On this Ash Wednesday – our last in Mexico – I’ll leave you with some comforting advice from Pope Francis, as reported recently in the New York Times:

The Pope on Panhandling: Give Without Worry –
By THE EDITORIAL BOARDMARCH 3, 2017

New Yorkers, if not city dwellers everywhere, might acknowledge a debt to Pope Francis this week. He has offered a concrete, permanently useful prescription for dealing with panhandlers.

It’s this: Give them the money, and don’t worry about it.

The pope’s advice, from an interview with a Milan magazine published just before the beginning of Lent, is startlingly simple. It’s scripturally sound, yet possibly confounding, even subversive.

Living in the city — especially in metropolises where homelessness is an unsolved, unending crisis — means that at some point in your day, or week, a person seeming (or claiming) to be homeless, or suffering with a disability, will ask you for help.

You probably already have a panhandler policy.

You keep walking, or not. You give, or not. Loose coins, a dollar, or just a shake of the head. Your rule may be blanket, or case-by-case.

If it’s case by case, that means you have your own on-the-spot, individualized benefits program, with a bit of means-testing, mental health and character assessment, and criminal-background check — to the extent that any of this is possible from a second or two of looking someone up and down.

Francis’ solution eliminates that effort. But it is by no means effortless.

Speaking to the magazine Scarp de’ Tenis, which means Tennis Shoes, a monthly for and about the homeless and marginalized, the pope said that giving something to someone in need is “always right.” (We’re helped here by the translation in an article from Catholic News Service.)

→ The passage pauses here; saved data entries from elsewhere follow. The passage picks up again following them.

text \<open>Divide q by P_n: the quotient has degree < n, so it is orthogonal to P_n, and the
  remainder is interpolated exactly at the n roots of P_n.\<close>
theorem gauss_legendre_exact:
  assumes "0 < n" "degree q \<le> 2 * n - 1"
  shows "(\<Sum>l<n. gl_weight n l * poly q (gl_node n l)) = unit_integral q"
proof -
  define P where "P = legendre_poly n"
  define d where "d = q div P"
  define r where "r = q mod P"
  have P: "P \<noteq> 0" "degree P = n"
    by (simp_all add: P_def legendre_poly_nonzero degree_legendre_poly)
  have q: "q = d * P + r"
    by (simp add: d_def r_def)
  have "degree r \<le> n - 1"
    using degree_mod_less[OF P(1), of q] P(2) assms(1) by (auto simp: r_def)
  have "degree d < n"
  proof (cases "d = 0")
    case False
    have "degree (d * P) = degree (q - r)"
      using q by (simp add: algebra_simps)
    then have "degree d + n \<le> 2 * n - 1"
      using False P \<open>degree r \<le> n - 1\<close> assms(2) degree_diff_le[of q "2 * n - 1" r]
      by (simp add: degree_mult_eq)
    then show ?thesis
      using assms(1) by linarith
  qed (use assms(1) in simp)
  then have "unit_integral q = unit_integral r"
    using legendre_poly_orthogonal[of d n] q by (simp add: P_def unit_integral_add mult.commute)
  also have "\<dots> = (\<Sum>l<n. poly r (gl_node n l) * unit_integral (gl_lagrange n l))"
    by (subst gl_lagrange_interpolation[OF \<open>degree r \<le> n - 1\<close> assms(1)])
       (simp add: unit_integral_sum unit_integral_smult)
  also have "\<dots> = (\<Sum>l<n. gl_weight n l * poly q (gl_node n l))"
    using gl_node_root
    by (intro sum.cong refl) (simp add: q P_def poly_legendre_poly gl_weight_eq_unit_integral)
  finally show ?thesis ..
qed

section \<open>The LIM(k,s) equations and equation (D)\<close>

lemma legP_0 [simp]: "legP 0 x = 1"
  by (simp flip: poly_legendre_poly)

lemma intP_0 [simp]: "intP 0 c = c"
proof -
  have "legendre_antideriv 0 = monom 1 1"
    by (simp add: legendre_antideriv_def poly_antideriv_def)
  then show ?thesis
    by (simp add: intP_eq_poly poly_monom)
qed

lemma intP_1: "intP i 1 = (if i = 0 then 1 else 0)"
  by (simp add: intP_eq_poly legendre_antideriv_at_1)

lemma gl_sum_legP:
  assumes "i < n"
  shows "(\<Sum>l<n. gl_weight n l * legP i (gl_node n l)) = (if i = 0 then 1 else 0)"
  using gauss_legendre_exact[of n "legendre_poly i"] legendre_poly_orthonormal[of i 0] assms
  by (simp add: degree_legendre_poly poly_legendre_poly)

lemma gl_sum_legP_intP:
  assumes "i < n" "j < n"
  shows "(\<Sum>l<n. gl_weight n l * legP i (gl_node n l) * intP j (gl_node n l)) = Xmat i j"
proof -
  have "degree (legendre_poly i * legendre_antideriv j) \<le> 2 * n - 1"
    using degree_mult_le[of "legendre_poly i" "legendre_antideriv j"]
      degree_legendre_poly[of i] degree_legendre_antideriv[of j] assms by linarith
  then show ?thesis
    using gauss_legendre_exact[of n "legendre_poly i * legendre_antideriv j"] assms
    by (simp add: poly_legendre_poly intP_eq_poly unit_integral_legendre_antideriv mult.assoc)
qed

text \<open>Expand \<integral>_0^c P_m in the Legendre basis up to degree s; the P_s term vanishes at
  the nodes.\<close>
lemma intP_gl_node_expansion:
  assumes "m < s" "l < s"
  shows "intP m (gl_node s l) = (\<Sum>j<s. legP j (gl_node s l) * Xmat j m)"
proof -
  have "legendre_antideriv m = (\<Sum>j\<le>s. smult (Xmat j m) (legendre_poly j))"
    using legendre_expansion[of "legendre_antideriv m" s] degree_legendre_antideriv[of m] assms(1)
    by (simp add: unit_integral_legendre_antideriv)
  then have "intP m (gl_node s l) = (\<Sum>j\<le>s. Xmat j m * legP j (gl_node s l))"
    by (simp add: intP_eq_poly poly_sum poly_legendre_poly)
  also have "\<dots> = (\<Sum>j<s. Xmat j m * legP j (gl_node s l))"
    using gl_node_root[OF assms(2)] by (simp add: lessThan_Suc_atMost[symmetric])
  finally show ?thesis
    by (simp add: mult.commute)
qed

lemma sum_Xmat_row_0:
  fixes psi :: "nat \<Rightarrow> 'v::real_vector"
  assumes "2 \<le> s"
  shows "(\<Sum>j<s. Xmat 0 j *\<^sub>R psi j) = (1 / 2) *\<^sub>R psi 0 - (1 / (2 * sqrt 3)) *\<^sub>R psi 1"
proof -
  have "(\<Sum>j<s. Xmat 0 j *\<^sub>R psi j) = (\<Sum>j\<in>{0, 1}. Xmat 0 j *\<^sub>R psi j)"
    using assms by (intro sum.mono_neutral_right) (auto simp: Xmat_def)
  then show ?thesis
    by (simp add: Xmat_def xi_def)
qed
subsection \<open>A large label forces a large degree\<close>

text \<open>The three blocks of s rows of roots: \<epsilon>_i - \<epsilon>_j with l - s < i \<le> l < j;
\<epsilon>_i - \<epsilon>_j with i \<le> l < j \<le> l + s; and, for B, C, D, \<epsilon>_i + \<epsilon>_j with i < j and
r - 2s < j \<le> r - s.  The first serves l up to about r/2, the second larger l, the third
l within s of r.\<close>

lemma char_degree_ge_block_minus_lower:
  assumes v: "valid_type t r" and "1 \<le> s" "s \<le> l" "l < amb t r" "l \<le> r"
    and label: "2 ^ e - 1 \<le> real (a l)"
  shows "(((real (amb t r) - real l + 1) / real s) ^ s) ^ e \<le> char_degree t r a"
proof -
  let ?X = "{l+1-s..l} \<times> {l+1..amb t r}"
  have inj: "inj_on (\<lambda>(i, j). root_minus i j) ?X"
    by (auto simp: inj_on_def root_minus_eq_iff)
  have roots: "(\<lambda>(i, j). root_minus i j) ` ?X \<subseteq> pos_roots t r"
    using assms by (auto intro!: root_minus_in_pos_roots)
  have factor: "1 \<le> real j - real i \<and> 1 + real (a l) / (real j - real i) \<le> weyl_factor t r a (root_minus i j)"
    if "(i, j) \<in> ?X" for i j
    using that assms by (auto intro!: weyl_factor_root_minus_ge)
  have base: "0 \<le> (real (amb t r) - real l + 1) / real s"
    using assms by simp
  have "((real (amb t r) - real l + 1) / real s) ^ s \<le> (\<Prod>(i, j)\<in>?X. 1 + 1 / (real j - real i))"
    using assms by (intro block_minus_lower_prod_ge) auto
  from power_mono[OF this zero_le_power[OF base]]
  show ?thesis
    using char_degree_ge_prod_block[where a = a and l = l, OF v inj roots label factor]
    by (rule order_trans)
qed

But what if someone uses the money for, say, a glass of wine? (A perfectly Milanese question.) His answer: If “a glass of wine is the only happiness he has in life, that’s O.K. Instead, ask yourself, what do you do on the sly? What ‘happiness’ do you seek in secret?” Another way to look at it, he said, is to recognize how you are the “luckier” one, with a home, a spouse and children, and then ask why your responsibility to help should be pushed onto someone else.

Then he posed a greater challenge. He said the way of giving is as important as the gift. You should not simply drop a bill into a cup and walk away. You must stop, look the person in the eyes, and touch his or her hands.

The reason is to preserve dignity, to see another person not as a pathology or a social condition, but as a human, with a life whose value is equal to your own. This message runs through Francis’ preaching and writings, which always seem to turn on the practical and personal, often citing the people he met and served as a parish priest in Argentina.

His teaching on divorced and remarried Catholics has infuriated some conservative critics who accuse him, unfairly, of elevating compassion over doctrine. His recent statements on refugees and immigrants are the global version of his panhandler remarks — a rebuke aimed directly at the rich nations of Europe and at the United States.

America is in the middle of a raging argument over poor outcasts. The president speaks of building walls and repelling foreigners. That toxic mind-set can be opposed in Washington, but it can also be confronted on the sidewalk. You don’t know what that guy will do with your dollar. Maybe you’d disapprove of what he does. Maybe compassion is the right call.